270 watts of heat in a cable is significant. This is why oversized fuses are dangerous — they allow excessive current to flow before tripping, generating damaging heat in the cable before protection operates.


Ohm’s Law in Series and Parallel Circuits

Series circuit

In a series circuit, components are connected end-to-end in a single loop. The same current flows through every component, and resistances add up.

Total resistance: R_total = R₁ + R₂ + R₃

If three resistors of 10 Ω, 20 Ω, and 30 Ω are connected in series across 230 V:

R_total = 10 + 20 + 30 = 60 Ω
I = V ÷ R = 230 ÷ 60 = 3.83 A

The same 3.83 A flows through all three. Voltage divides proportionally — the 30 Ω resistor drops twice the voltage of the 15 Ω resistor.

Related: Series vs Parallel Circuits Explained

Parallel circuit

In a parallel circuit, each component is connected directly across the same voltage. The voltage across each is the same; current divides between branches.

Total resistance: 1/R_total = 1/R₁ + 1/R₂ + 1/R₃

Adding resistors in parallel always reduces total resistance — more paths for current to flow.

Two equal resistors of 10 Ω in parallel:

1/R = 1/10 + 1/10 = 2/10
R_total = 5 Ω

This is why connecting more appliances to a socket circuit increases the total current drawn from the consumer unit — each appliance adds a parallel branch and reduces the effective resistance of the circuit.


Where Ohm’s Law Connects to Circuit Protection

Every MCB, RCBO, and RCD in your consumer unit depends on Ohm’s Law operating correctly.

An MCB trips when current exceeds its rated value. That excess current is caused by reduced resistance — either a short circuit (near-zero resistance between live and neutral) or a genuine overload (too many appliances drawing current in parallel).

Earth fault loop impedance (Zs) — the resistance of the complete fault current path — determines whether an MCB can clear a fault fast enough. If Zs is too high (too much resistance in the earth path), fault current is too low, and the MCB takes too long to trip or does not trip at all. BS 7671 specifies maximum Zs values for every circuit type and breaker rating.

Voltage drop — the loss of voltage in long cable runs — is a direct result of Ohm’s Law applied to the cable’s resistance. Circuits that are too long for their cable size fail their voltage drop requirement.
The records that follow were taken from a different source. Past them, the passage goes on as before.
text \<open>
  Write \<open>d = \<mu>\<^sub>1 - \<mu>\<^sub>2\<close> and \<open>M = \<Sigma>\<^sub>1/n\<^sub>1 + \<Sigma>\<^sub>2/n\<^sub>2\<close>. Since \<open>A\<^sup>1\<^sup>/\<^sup>2\<close> is symmetric,
  \<open>\<Delta>(A) = d \<bullet> Ad\<close> and \<open>K\<^sub>2(A) = 4 (Ad) \<bullet> M(Ad)\<close>, so with \<open>u = Ad\<close> the ratio is
  \<open>d \<bullet> u / (2 \<surd>(u \<bullet> Mu))\<close>. As \<open>d \<bullet> u = (M\<^sup>-\<^sup>1d) \<bullet> Mu\<close>, the Cauchy-Schwarz inequality for the
  inner product induced by \<open>M\<close> bounds this by \<open>\<surd>(d \<bullet> M\<^sup>-\<^sup>1d) / 2\<close>, which is attained at
  \<open>u = cM\<^sup>-\<^sup>1d\<close>. That \<open>mat_sqrt\<close> really is a symmetric square root needs existence and
  uniqueness of positive-definite square roots; both come from the spectral theorem for
  symmetric matrices, obtained by maximising the quadratic form on the unit sphere.
\<close>

section \<open>Symmetric matrices and their orthonormal eigenbases\<close>

lemma symmetric_matrix_inner:
  fixes M :: "real^'n^'n"
  assumes "transpose M = M"
  shows "(M *v x) \<bullet> y = x \<bullet> (M *v y)"
  by (metis assms dot_lmul_matrix vector_transpose_matrix)

lemma symmetric_matrix_if_inner:
  fixes M :: "real^'n^'n"
  assumes "\<And>x y. (M *v x) \<bullet> y = x \<bullet> (M *v y)"
  shows "transpose M = M"
proof -
  have "transpose M *v x = M *v x" for x
  proof -
    have "(transpose M *v x - M *v x) \<bullet> y = 0" for y
      using dot_lmul_matrix[of x M y] assms[of x y] by (simp add: inner_diff_left)
    then show ?thesis
      by (metis eq_iff_diff_eq_0 inner_eq_zero_iff)
  qed
  then show ?thesis by (simp add: matrix_eq)
qed

lemma matrix_vector_mult_sum:
  fixes M :: "real^'n^'n"
  shows "M *v sum f E = (\<Sum>w\<in>E. M *v f w)"
  using linear_sum[OF matrix_vector_mul_linear[of M]] by simp

lemma quadratic_nonpos_imp_linear_coeff_zero:
  fixes a b :: real
  assumes "\<And>t. 2 * t * a + t\<^sup>2 * b \<le> 0"
  shows "a = 0"
proof -
  define c where "c = \<bar>b\<bar> + 1"
  have "c > 0" "2 * c + b > 0" unfolding c_def by (auto simp: abs_if)
  have "(2 * (a/c) * a + (a/c)\<^sup>2 * b) * c\<^sup>2 \<le> 0"
    using assms[of "a/c"] by (simp add: mult_nonpos_nonneg)
  also have "(2 * (a/c) * a + (a/c)\<^sup>2 * b) * c\<^sup>2 = a\<^sup>2 * (2 * c + b)"
    using \<open>c > 0\<close> by (simp add: field_simps power2_eq_square)
  finally have "a\<^sup>2 \<le> 0"
    using \<open>2 * c + b > 0\<close> by (simp add: mult_le_0_iff)
  then show ?thesis by simp
qed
Related: What Is an MCB Breaker? How Miniature Circuit Breakers Work

Related: What Is an RCBO? The Difference Between RCD, MCB and RCBO Explained


Limitations of Ohm’s Law

Ohm’s Law is strictly true only for ohmic conductors — materials where resistance is constant regardless of voltage, current, or temperature. Many real components are non-ohmic:

For the purposes of domestic installation work and circuit protection design, Ohm’s Law in its basic form (V = IR) is sufficient to understand and calculate the quantities that matter: fault current, voltage drop, power dissipation, and cable heating.


Try It in ElectraSim

ElectraSim simulates real circuit behaviour based on the same physics explained in this guide. To see Ohm’s Law in action:

  1. Place a Power Supply and a Bulb (resistive load)
  2. Connect them in a simple series loop
  3. Run the simulation — the bulb lights and current flows
  4. Add a second bulb in series — both glow dimmer (total resistance increased, current reduced)
  5. Move the second bulb to in parallel — both glow at full brightness (each has full voltage; total resistance halved)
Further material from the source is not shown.